Use the entries below and reproduce exactly the lines from the one containing "n)) * s_elem" down to the one containing "(\<forall>b b' X. lm (b +", both of them included.
Dataset content section start
(* For $0\le\alpha,\beta\le d$, with $s_0=z$ and $s_\alpha=(1+w_\alpha v_\alpha)\cdots(1+w_1v_1)z$ for $\alpha\geq1$, $$\{\!\{s_\alpha,s_\beta\}\!\}=\tfrac12(e_0\otimes s_\alpha s_\beta-s_\beta s_\alpha\otimes e_0)+\tfrac12o(\alpha,\beta)(s_\beta\otimes s_\alpha-s_\alpha\otimes s_\beta).$$
   Context: Fix $d\ge1$; $o(\alpha,\beta)=0,1,-1$ according as $\alpha=\beta,\alpha<\beta,\alpha>\beta$. Let $\mathbb C\bar Q$ be the path algebra generated by orthogonal idempotents $e_0,e_\infty$ with $e_0+e_\infty=1$ and arrows $x,y$ (loops at vertex $0$: $x=e_0xe_0$, $y=e_0ye_0$), $v_\alpha=e_\infty v_\alpha e_0$, $w_\alpha=e_0w_\alpha e_\infty$ ($\alpha=1,\dots,d$); paths are written left to right. Let $\mathcal A^\times$ be obtained by formally inverting $1+xy,1+yx,1+w_\alpha v_\alpha,1+v_\alpha w_\alpha$ and adjoining $x^{-1}=e_0x^{-1}e_0$ with $xx^{-1}=x^{-1}x=e_0$; put $z=y+x^{-1}$ (invertible in $e_0\mathcal A^\times e_0$). A double bracket is a bilinear map $\{\!\{-,-\}\!\}:\mathcal A^\times\times\mathcal A^\times\to\mathcal A^\times\otimes\mathcal A^\times$ with $\{\!\{a,b\}\!\}=-\{\!\{b,a\}\!\}^\circ$ ($(u\otimes v)^\circ=v\otimes u$) and $\{\!\{a,bc\}\!\}=b\{\!\{a,c\}\!\}+\{\!\{a,b\}\!\}c$ for the outer bimodule structure $b(u\otimes v)c=bu\otimes vc$. The double bracket used is the unique one vanishing on $e_0,e_\infty$ with $\{\!\{x,x\}\!\}=\tfrac12(x^2\otimes e_0-e_0\otimes x^2)$, $\{\!\{y,y\}\!\}=\tfrac12(e_0\otimes y^2-y^2\otimes e_0)$, $\{\!\{x,y\}\!\}=e_0\otimes e_0+\tfrac12(yx\otimes e_0+e_0\otimes xy+y\otimes x-x\otimes y)$, $\{\!\{u,w_\alpha\}\!\}=\tfrac12(e_0\otimes uw_\alpha-u\otimes w_\alpha)$, $\{\!\{u,v_\alpha\}\!\}=\tfrac12(v_\alpha u\otimes e_0-v_\alpha\otimes u)$ for $u\in\{x,y\}$, $\{\!\{v_\alpha,v_\beta\}\!\}=\tfrac12o(\beta,\alpha)(v_\alpha\otimes v_\beta+v_\beta\otimes v_\alpha)$, $\{\!\{w_\alpha,w_\beta\}\!\}=\tfrac12o(\beta,\alpha)(w_\alpha\otimes w_\beta+w_\beta\otimes w_\alpha)$, $\{\!\{v_\alpha,w_\beta\}\!\}=\delta_{\alpha\beta}(e_0\otimes e_\infty+\tfrac12w_\alpha v_\alpha\otimes e_\infty+\tfrac12e_0\otimes v_\alpha w_\alpha)+\tfrac12o(\alpha,\beta)(e_0\otimes v_\alpha w_\beta+w_\beta v_\alpha\otimes e_\infty)$, extended uniquely to $\mathcal A^\times$ (it also satisfies $\{\!\{bc,a\}\!\}=\{\!\{b,a\}\!\}'c\otimes\{\!\{b,a\}\!\}''+\{\!\{c,a\}\!\}'\otimes b\{\!\{c,a\}\!\}''$). *)

theory Defs
  imports Main "HOL.Real_Vector_Spaces"
begin

definition osgn :: "nat \<Rightarrow> nat \<Rightarrow> real" where
  "osgn a b = (if a = b then 0 else if a < b then 1 else -1)"

fun s_elem :: "(nat \<Rightarrow> 'a::ring_1) \<Rightarrow> (nat \<Rightarrow> 'a) \<Rightarrow> 'a \<Rightarrow> nat \<Rightarrow> 'a" where
  "s_elem w v z 0 = z"
| "s_elem w v z (Suc n) = (1 + w (Suc n) * v (Suc n)) * s_elem w v z n"

text \<open>An abstract model of the tensor square A (x) A of an algebra A:
  a real vector space T with a bilinear map tens (u (x) v), the outer bimodule
  structure b (u (x) v) c = bu (x) vc, and the flip (u (x) v)^o = v (x) u.\<close>
definition tensor_square ::
  "('a::real_algebra_1 \<Rightarrow> 'a \<Rightarrow> 't::real_vector) \<Rightarrow> ('a \<Rightarrow> 't \<Rightarrow> 't) \<Rightarrow> ('t \<Rightarrow> 'a \<Rightarrow> 't)
   \<Rightarrow> ('t \<Rightarrow> 't) \<Rightarrow> bool" where
  "tensor_square tens lm rm sw \<longleftrightarrow>
     (\<forall>u u' v. tens (u + u') v = tens u v + tens u' v) \<and>
     (\<forall>u v v'. tens u (v + v') = tens u v + tens u v') \<and>
     (\<forall>r u v. tens (r *\<^sub>R u) v = r *\<^sub>R tens u v) \<and>
     (\<forall>r u v. tens u (r *\<^sub>R v) = r *\<^sub>R tens u v) \<and>
     (\<forall>b X Y. lm b (X + Y) = lm b X + lm b Y) \<and>
     (\<forall>b b' X. lm (b + b') X = lm b X + lm b' X) \<and>
     (\<forall>r b X. lm b (r *\<^sub>R X) = r *\<^sub>R lm b X) \<and>
     (\<forall>r b X. lm (r *\<^sub>R b) X = r *\<^sub>R lm b X) \<and>
     (\<forall>b b' X. lm (b * b') X = lm b (lm b' X)) \<and>
     (\<forall>X. lm 1 X = X) \<and>
     (\<forall>c X Y. rm (X + Y) c = rm X c + rm Y c) \<and>
     (\<forall>c c' X. rm X (c + c') = rm X c + rm X c') \<and>
     (\<forall>r c X. rm (r *\<^sub>R X) c = r *\<^sub>R rm X c) \<and>
     (\<forall>r c X. rm X (r *\<^sub>R c) = r *\<^sub>R rm X c) \<and>
     (\<forall>c c' X. rm X (c * c') = rm (rm X c) c') \<and>
     (\<forall>X. rm X 1 = X) \<and>
     (\<forall>b c X. rm (lm b X) c = lm b (rm X c)) \<and>
     (\<forall>b u v. lm b (tens u v) = tens (b * u) v) \<and>
     (\<forall>c u v. rm (tens u v) c = tens u (v * c)) \<and>
     (\<forall>X Y. sw (X + Y) = sw X + sw Y) \<and>
     (\<forall>r X. sw (r *\<^sub>R X) = r *\<^sub>R sw X) \<and>
     (\<forall>X. sw (sw X) = X) \<and>
     (\<forall>u v. sw (tens u v) = tens v u)"

text \<open>Relations of the localised path algebra A^x: idempotents e0, einf, loops x, y at 0,
  arrows v_a : 0 -> inf, w_a : inf -> 0, the inverse xi of x in e0 A e0, and invertibility
  of 1+xy, 1+yx, 1+w_a v_a, 1+v_a w_a.\<close>
definition path_algebra_data ::
  "nat \<Rightarrow> 'a::ring_1 \<Rightarrow> 'a \<Rightarrow> 'a \<Rightarrow> 'a \<Rightarrow> 'a \<Rightarrow> (nat \<Rightarrow> 'a) \<Rightarrow> (nat \<Rightarrow> 'a) \<Rightarrow> bool" where
  "path_algebra_data d e0 einf x y xi v w \<longleftrightarrow>
     e0 + einf = 1 \<and> e0 * e0 = e0 \<and> einf * einf = einf \<and> e0 * einf = 0 \<and> einf * e0 = 0 \<and>
     x = e0 * x * e0 \<and> y = e0 * y * e0 \<and>
     (\<forall>a\<in>{1..d}. v a = einf * v a * e0 \<and> w a = e0 * w a * einf) \<and>
     xi = e0 * xi * e0 \<and> x * xi = e0 \<and> xi * x = e0 \<and>
     (\<exists>i. (1 + x * y) * i = 1 \<and> i * (1 + x * y) = 1) \<and>
     (\<exists>i. (1 + y * x) * i = 1 \<and> i * (1 + y * x) = 1) \<and>
     (\<forall>a\<in>{1..d}. \<exists>i. (1 + w a * v a) * i = 1 \<and> i * (1 + w a * v a) = 1) \<and>
     (\<forall>a\<in>{1..d}. \<exists>i. (1 + v a * w a) * i = 1 \<and> i * (1 + v a * w a) = 1)"

definition double_bracket ::
  "nat \<Rightarrow> 'a::real_algebra_1 \<Rightarrow> 'a \<Rightarrow> 'a \<Rightarrow> 'a \<Rightarrow> (nat \<Rightarrow> 'a) \<Rightarrow> (nat \<Rightarrow> 'a)
   \<Rightarrow> ('a \<Rightarrow> 'a \<Rightarrow> 't::real_vector) \<Rightarrow> ('a \<Rightarrow> 't \<Rightarrow> 't) \<Rightarrow> ('t \<Rightarrow> 'a \<Rightarrow> 't) \<Rightarrow> ('t \<Rightarrow> 't)
   \<Rightarrow> ('a \<Rightarrow> 'a \<Rightarrow> 't) \<Rightarrow> bool" where
  "double_bracket d e0 einf x y v w tens lm rm sw br \<longleftrightarrow>
     (\<forall>a a' b. br (a + a') b = br a b + br a' b) \<and>
     (\<forall>a b b'. br a (b + b') = br a b + br a b') \<and>
     (\<forall>r a b. br (r *\<^sub>R a) b = r *\<^sub>R br a b) \<and>
     (\<forall>r a b. br a (r *\<^sub>R b) = r *\<^sub>R br a b) \<and>
     (\<forall>a b. br a b = - sw (br b a)) \<and>
     (\<forall>a b c. br a (b * c) = lm b (br a c) + rm (br a b) c) \<and>
     (\<forall>a. br a e0 = 0 \<and> br a einf = 0 \<and> br e0 a = 0 \<and> br einf a = 0) \<and>
     br x x = (1/2) *\<^sub>R (tens (x * x) e0 - tens e0 (x * x)) \<and>
     br y y = (1/2) *\<^sub>R (tens e0 (y * y) - tens (y * y) e0) \<and>
     br x y = tens e0 e0 + (1/2) *\<^sub>R (tens (y * x) e0 + tens e0 (x * y) + tens y x - tens x y) \<and>
     (\<forall>u\<in>{x, y}. \<forall>a\<in>{1..d}.
        br u (w a) = (1/2) *\<^sub>R (tens e0 (u * w a) - tens u (w a)) \<and>
        br u (v a) = (1/2) *\<^sub>R (tens (v a * u) e0 - tens (v a) u)) \<and>
     (\<forall>a\<in>{1..d}. \<forall>b\<in>{1..d}.
        br (v a) (v b) = ((1/2) * osgn b a) *\<^sub>R (tens (v a) (v b) + tens (v b) (v a)) \<and>
        br (w a) (w b) = ((1/2) * osgn b a) *\<^sub>R (tens (w a) (w b) + tens (w b) (w a)) \<and>
        br (v a) (w b) =
          (if a = b then tens e0 einf + (1/2) *\<^sub>R tens (w a * v a) einf
                         + (1/2) *\<^sub>R tens e0 (v a * w a) else 0)
          + ((1/2) * osgn a b) *\<^sub>R (tens e0 (v a * w b) + tens (w b * v a) einf))"

end

theory Submission
  imports Defs
begin

text \<open>All elements involved lie in the corner \<open>e\<^sub>0 A e\<^sub>0\<close>, and every bracket between two of them,
  \<open>a\<close> and \<open>b\<close>, has the normal form \<open>p e\<^sub>0 \<otimes> ab + q ba \<otimes> e\<^sub>0 + r a \<otimes> b + s b \<otimes> a\<close>.  The derivation
  rules propagate normal forms through products of corner elements with explicit coefficient
  updates.  The building blocks \<open>z = y + x\<^sup>-\<^sup>1\<close> and \<open>t\<^sub>\<alpha> = e\<^sub>0 + w\<^sub>\<alpha> v\<^sub>\<alpha>\<close> have self-brackets with
  coefficients \<open>(1/2, -1/2, 0, 0)\<close>, while \<open>{{t\<^sub>\<alpha>, z}}\<close> and \<open>{{t\<^sub>\<alpha>, t\<^sub>\<beta>}}\<close> for \<open>\<beta> < \<alpha>\<close> have
  coefficients \<open>(-1/2, -1/2, 1/2, 1/2)\<close>.  Since \<open>s\<^sub>\<alpha> = t\<^sub>\<alpha> s\<^sub>\<alpha>\<^sub>-\<^sub>1\<close>, induction on \<open>\<alpha>\<close> yields in turn
  \<open>{{t\<^sub>\<gamma>, s\<^sub>\<alpha>}}\<close> for \<open>\<alpha> < \<gamma>\<close>, then \<open>{{s\<^sub>\<alpha>, s\<^sub>\<alpha>}}\<close>, then \<open>{{s\<^sub>\<alpha>, s\<^sub>\<beta>}}\<close> for \<open>\<beta> < \<alpha>\<close>; the case
  \<open>\<alpha> < \<beta>\<close> follows by antisymmetry.\<close>

definition bracket_form ::
  "('a::real_algebra_1 \<Rightarrow> 'a \<Rightarrow> 't::real_vector) \<Rightarrow> 'a \<Rightarrow> real \<Rightarrow> real \<Rightarrow> real \<Rightarrow> real \<Rightarrow> 'a \<Rightarrow> 'a \<Rightarrow> 't"
  where "bracket_form tens e p q r s a b =
    p *\<^sub>R tens e (a * b) + q *\<^sub>R tens (b * a) e + r *\<^sub>R tens a b + s *\<^sub>R tens b a"

lemma corner_absorb:
  fixes c :: "'a::semigroup_mult"
  assumes "c = e * c * f" and "e * e = e" and "f * f = f"
  shows "e * c = c" and "c * f = c"
  by (metis assms mult.assoc)+

lemma corner_annihilate:
  fixes c :: "'a::{semigroup_mult, mult_zero}"
  assumes "c = e * c * f"
  shows "f * g = 0 \<Longrightarrow> c * g = 0" and "g * e = 0 \<Longrightarrow> g * c = 0"
  by (metis assms mult.assoc mult_zero_left mult_zero_right)+

locale tensor_square_structure =
  fixes tens :: "'a::real_algebra_1 \<Rightarrow> 'a \<Rightarrow> 't::real_vector"
    and lm :: "'a \<Rightarrow> 't \<Rightarrow> 't" and rm :: "'t \<Rightarrow> 'a \<Rightarrow> 't" and sw :: "'t \<Rightarrow> 't"
  assumes tensor_square: "tensor_square tens lm rm sw"
begin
Dataset content section end
**Result:**
| "s_elem w v z (Suc n) = (1 + w (Suc n) * v (Suc n)) * s_elem w v z n"

text \<open>An abstract model of the tensor square A (x) A of an algebra A:
  a real vector space T with a bilinear map tens (u (x) v), the outer bimodule
  structure b (u (x) v) c = bu (x) vc, and the flip (u (x) v)^o = v (x) u.\<close>
definition tensor_square ::
  "('a::real_algebra_1 \<Rightarrow> 'a \<Rightarrow> 't::real_vector) \<Rightarrow> ('a \<Rightarrow> 't \<Rightarrow> 't) \<Rightarrow> ('t \<Rightarrow> 'a \<Rightarrow> 't)
   \<Rightarrow> ('t \<Rightarrow> 't) \<Rightarrow> bool" where
  "tensor_square tens lm rm sw \<longleftrightarrow>
     (\<forall>u u' v. tens (u + u') v = tens u v + tens u' v) \<and>
     (\<forall>u v v'. tens u (v + v') = tens u v + tens u v') \<and>
     (\<forall>r u v. tens (r *\<^sub>R u) v = r *\<^sub>R tens u v) \<and>
     (\<forall>r u v. tens u (r *\<^sub>R v) = r *\<^sub>R tens u v) \<and>
     (\<forall>b X Y. lm b (X + Y) = lm b X + lm b Y) \<and>
     (\<forall>b b' X. lm (b + b') X = lm b X + lm b' X) \<and>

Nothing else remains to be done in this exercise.